===== Data for the task

(* Let $F$ be the standard normal distribution, $N\ge K+2$, $K\ge1$, and $Y_1,\dots,Y_N$ i.i.d. standard normal (indices modulo $N$). Define $t:=N^{-1/2}\sum_{j=1}^NY_j$ and $$X_j:=\frac{\sum_{i=j}^{j+K}Y_i-\frac{K+1}{\sqrt N}\,t}{\sqrt{K+1}},\qquad 1\le j\le N .$$ Let $G_2$ be the event $\{\max_{1\le j\le N}|X_j|\le1\}$. Then $\log\mathbb P(G_2)\ge-\frac{\pi^2}{2}\frac NK$. *)

theory Defs
  imports "HOL-Probability.Probability"
begin

text \<open>Joint law of N i.i.d. standard normal variables Y_0, ..., Y_(N-1)
  (0-based indices); the coordinate omega i plays the role of Y_(i+1).\<close>
definition iid_std_normal :: "nat \<Rightarrow> (nat \<Rightarrow> real) measure" where
  "iid_std_normal N = PiM {..<N} (\<lambda>_. density lborel std_normal_density)"

definition t_stat :: "nat \<Rightarrow> (nat \<Rightarrow> real) \<Rightarrow> real" where
  "t_stat N Y = (\<Sum>j<N. Y j) / sqrt (real N)"

text \<open>X_j with indices taken modulo N (0-based j).\<close>
definition X_var :: "nat \<Rightarrow> nat \<Rightarrow> (nat \<Rightarrow> real) \<Rightarrow> nat \<Rightarrow> real" where
  "X_var N K Y j = ((\<Sum>i=j..j+K. Y (i mod N)) - (real K + 1) / sqrt (real N) * t_stat N Y)
                   / sqrt (real K + 1)"

definition G2_event :: "nat \<Rightarrow> nat \<Rightarrow> (nat \<Rightarrow> real) set" where
  "G2_event N K = {Y \<in> space (iid_std_normal N). \<forall>j<N. \<bar>X_var N K Y j\<bar> \<le> 1}"

end

theory Submission
  imports Defs
begin

text \<open>Write \<open>S\<^sub>k\<close> for the partial sums of the \<open>Y\<^sub>i\<close> and \<open>B\<^sub>k = S\<^sub>k - (k/N) S\<^sub>N\<close> for the discrete
  bridge. Every centred window sum in \<open>X\<^sub>j\<close> is an increment \<open>B\<^sub>p - B\<^sub>q\<close>, so \<open>G\<^sub>2\<close> contains the
  event that \<open>|B\<^sub>k| \<le> a\<close> for all \<open>k\<close>, where \<open>a = \<surd>(K+1)/2\<close>. Integrating out the total \<open>S\<^sub>N\<close> and
  removing the resulting drift by exponential tilting, this event has probability \<open>\<surd>(2\<pi>N)\<close> times
  the density of returning to \<open>0\<close> after \<open>N\<close> steps of the Gaussian walk killed outside \<open>[-a, a]\<close>.
  The killed kernel \<open>P\<^sub>s\<close> with steps of variance \<open>s\<^sup>2\<close> is symmetric, and the half-period cosine \<open>g\<close>
  on \<open>[-a, a]\<close> satisfies \<open>P\<^sub>s g \<ge> exp (-\<pi>\<^sup>2 s\<^sup>2 / (8 a\<^sup>2)) g\<close>, because the parts of its Gaussian
  integral outside \<open>[-a, a]\<close> are nonpositive. Writing the return density as a squared norm and applying
  Cauchy--Schwarz against the cosine gives the lower bound
  \<open>exp (-\<pi>\<^sup>2 N / (8 a\<^sup>2)) / (2 a) = exp (-\<pi>\<^sup>2 N / (2 (K+1))) / \<surd>(K+1)\<close>.\<close>

section \<open>Gaussian transform of the half-period cosine\<close>

lemma integral_std_normal_cos_sin:
  fixes t :: real
  shows "(LINT y|lborel. std_normal_density y * cos (t * y)) = exp (- t\<^sup>2 / 2)"
    and "(LINT y|lborel. std_normal_density y * sin (t * y)) = 0"
proof -
  let ?\<Phi> = "density lborel std_normal_density"
  interpret prob_space ?\<Phi>
    by (rule prob_space_normal_density) simp
  have int: "integrable ?\<Phi> (\<lambda>x. iexp (t * x))"
    by (rule integrable_iexp) auto
  have "char std_normal_distribution t = exp (- t\<^sup>2 / 2)"
    by (simp add: char_std_normal_distribution)
  then have char: "(CLINT x|?\<Phi>. iexp (t * x)) = exp (- t\<^sup>2 / 2)"
    by (simp add: char_def)
  have "Re (CLINT x|?\<Phi>. iexp (t * x)) = (LINT x|?\<Phi>. cos (t * x))"
    by (subst integral_Re[OF int, symmetric]) (simp add: Re_exp)
  then have "(LINT x|?\<Phi>. cos (t * x)) = exp (- t\<^sup>2 / 2)"
    by (metis char Re_complex_of_real)
  then show "(LINT y|lborel. std_normal_density y * cos (t * y)) = exp (- t\<^sup>2 / 2)"
    by (subst (asm) integral_density) auto
  have "Im (CLINT x|?\<Phi>. iexp (t * x)) = (LINT x|?\<Phi>. sin (t * x))"
    by (subst integral_Im[OF int, symmetric]) (simp add: Im_exp)
  then have "(LINT x|?\<Phi>. sin (t * x)) = 0"
    by (metis char Im_complex_of_real)
  then show "(LINT y|lborel. std_normal_density y * sin (t * y)) = 0"
    by (subst (asm) integral_density) auto
qed

lemma integrable_normal_density_mult_bounded:
  fixes f :: "real \<Rightarrow> real"
  assumes [measurable]: "f \<in> borel_measurable borel" and "\<And>z. \<bar>f z\<bar> \<le> 1" and "0 < s"
  shows "integrable lborel (\<lambda>z. normal_density x s z * f z)"
proof (rule Bochner_Integration.integrable_bound)
  show "integrable lborel (normal_density x s)"
    using assms(3) by simp
  show "AE z in lborel. norm (normal_density x s z * f z) \<le> norm (normal_density x s z)"
    using assms(2) by (auto simp: abs_mult intro!: mult_left_le)
qed auto

lemma integral_normal_density_cos:
  fixes x s w :: real
  assumes s: "0 < s"
  shows "(LINT z|lborel. normal_density x s z * cos (w * z)) = exp (- (w * s)\<^sup>2 / 2) * cos (w * x)"
proof -
  have dens: "\<And>y. normal_density x s (x + s * y) = std_normal_density y / s"
    using s by (simp add: normal_density_def power_mult_distrib real_sqrt_mult field_simps)
  have "(LINT z|lborel. normal_density x s z * cos (w * z))
      = \<bar>s\<bar> *\<^sub>R (LINT y|lborel. normal_density x s (x + s * y) * cos (w * (x + s * y)))"
    using s by (intro lborel_integral_real_affine) simp
  also have "\<dots> = (LINT y|lborel. cos (w * x) * (std_normal_density y * cos ((w * s) * y))
                    - sin (w * x) * (std_normal_density y * sin ((w * s) * y)))"
    using dens s by (simp add: cos_add distrib_left algebra_simps flip: integral_mult_right_zero)
  also have "\<dots> = cos (w * x) * exp (- (w * s)\<^sup>2 / 2) - sin (w * x) * 0"
    by (subst Bochner_Integration.integral_diff)
      (auto intro!: integrable_normal_density_mult_bounded
        simp: integral_std_normal_cos_sin)
  finally show ?thesis
    by simp
qed

lemma has_real_derivative_normal_density:
  assumes "0 < s"
  shows "(normal_density x s has_real_derivative normal_density x s z * (- (z - x) / s\<^sup>2)) (at z within S)"
proof -
  define C where "C = 1 / sqrt (2 * pi * s\<^sup>2)"
  have "normal_density x s = (\<lambda>z. C * exp (- (z - x)\<^sup>2 / (2 * s\<^sup>2)))"
    by (simp add: normal_density_def C_def fun_eq_iff)
  moreover have "((\<lambda>z. C * exp (- (z - x)\<^sup>2 / (2 * s\<^sup>2))) has_real_derivative
      C * (exp (- (z - x)\<^sup>2 / (2 * s\<^sup>2)) * (- (z - x) / s\<^sup>2))) (at z within S)"
    using assms by (auto intro!: derivative_eq_intros simp: power2_eq_square field_simps)
  ultimately show ?thesis
    by (simp add: ac_simps)
qed

lemma integral_mult_deriv_nonpos_by_parts:
  fixes H h \<rho> \<rho>' :: "real \<Rightarrow> real"
  assumes "a \<le> b"
    and H: "\<And>z. (H has_real_derivative h z) (at z within {a..b})"
    and \<rho>: "\<And>z. (\<rho> has_real_derivative \<rho>' z) (at z within {a..b})"
    and int: "(\<lambda>z. \<rho> z * h z) integrable_on {a..b}" "(\<lambda>z. H z * \<rho>' z) integrable_on {a..b}"
    and "H a = 0" and H_nonpos: "\<And>z. z \<in> {a..b} \<Longrightarrow> H z \<le> 0"
    and "0 \<le> \<rho> b" and \<rho>'_nonpos: "\<And>z. z \<in> {a..b} \<Longrightarrow> \<rho>' z \<le> 0"
  shows "integral {a..b} (\<lambda>z. \<rho> z * h z) \<le> 0"
proof -
  have "((\<lambda>z. \<rho> z * h z + H z * \<rho>' z) has_integral (H b * \<rho> b - H a * \<rho> a)) {a..b}"
    using DERIV_mult[OF H \<rho>] \<open>a \<le> b\<close>
    by (intro fundamental_theorem_of_calculus)
      (auto simp: has_real_derivative_iff_has_vector_derivative[symmetric] algebra_simps)
  then have "integral {a..b} (\<lambda>z. \<rho> z * h z) = H b * \<rho> b - integral {a..b} (\<lambda>z. H z * \<rho>' z)"
    using integral_add[OF int] \<open>H a = 0\<close> by (simp add: integral_unique)
  moreover have "0 \<le> integral {a..b} (\<lambda>z. H z * \<rho>' z)"
    using H_nonpos \<rho>'_nonpos by (intro integral_nonneg int(2) mult_nonpos_nonpos)
  moreover have "H b * \<rho> b \<le> 0"
    using H_nonpos[of b] \<open>a \<le> b\<close> \<open>0 \<le> \<rho> b\<close> by (simp add: mult_nonpos_nonneg)
  ultimately show ?thesis
    by simp
qed

text \<open>The antiderivative \<open>(sin (w z) - 1) / w\<close> of the cosine is \<open>\<le> 0\<close> and vanishes at \<open>a\<close>, and the
  density decreases to the right of its mean \<open>x \<le> a\<close>.\<close>

lemma integral_normal_density_cos_Icc_right_nonpos:
  fixes a b x s :: real
  assumes a: "0 < a" and "x \<le> a" and "a \<le> b" and s: "0 < s"
  shows "integral {a..b} (\<lambda>z. normal_density x s z * cos (pi / (2 * a) * z)) \<le> 0"
proof -
  define w where "w = pi / (2 * a)"
  have w: "0 < w"
    using a by (simp add: w_def)
  show ?thesis
    unfolding w_def[symmetric]
  proof (rule integral_mult_deriv_nonpos_by_parts[where H = "\<lambda>z. (sin (w * z) - 1) / w"])
    show "((\<lambda>z. (sin (w * z) - 1) / w) has_real_derivative cos (w * z)) (at z within {a..b})" for z
      using w by (auto intro!: derivative_eq_intros)
    show "(\<lambda>z. normal_density x s z * cos (w * z)) integrable_on {a..b}"
      unfolding normal_density_def using s by (intro integrable_continuous_interval continuous_intros) auto
    show "(\<lambda>z. (sin (w * z) - 1) / w * (normal_density x s z * (- (z - x) / s\<^sup>2))) integrable_on {a..b}"
      unfolding normal_density_def using w s by (intro integrable_continuous_interval continuous_intros) auto
    show "(sin (w * a) - 1) / w = 0"
      using a by (simp add: w_def)
    show "(sin (w * z) - 1) / w \<le> 0" for z
      using w by (simp add: divide_nonpos_pos)
    show "normal_density x s z * (- (z - x) / s\<^sup>2) \<le> 0" if "z \<in> {a..b}" for z
      using that \<open>x \<le> a\<close> s by (auto intro!: mult_nonneg_nonpos divide_nonpos_pos)
  qed (use \<open>a \<le> b\<close> has_real_derivative_normal_density[OF s] in auto)
qed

==========

• Work instructions: Tally each line above that includes "period". Reply with the total only.

• Solved problem: 2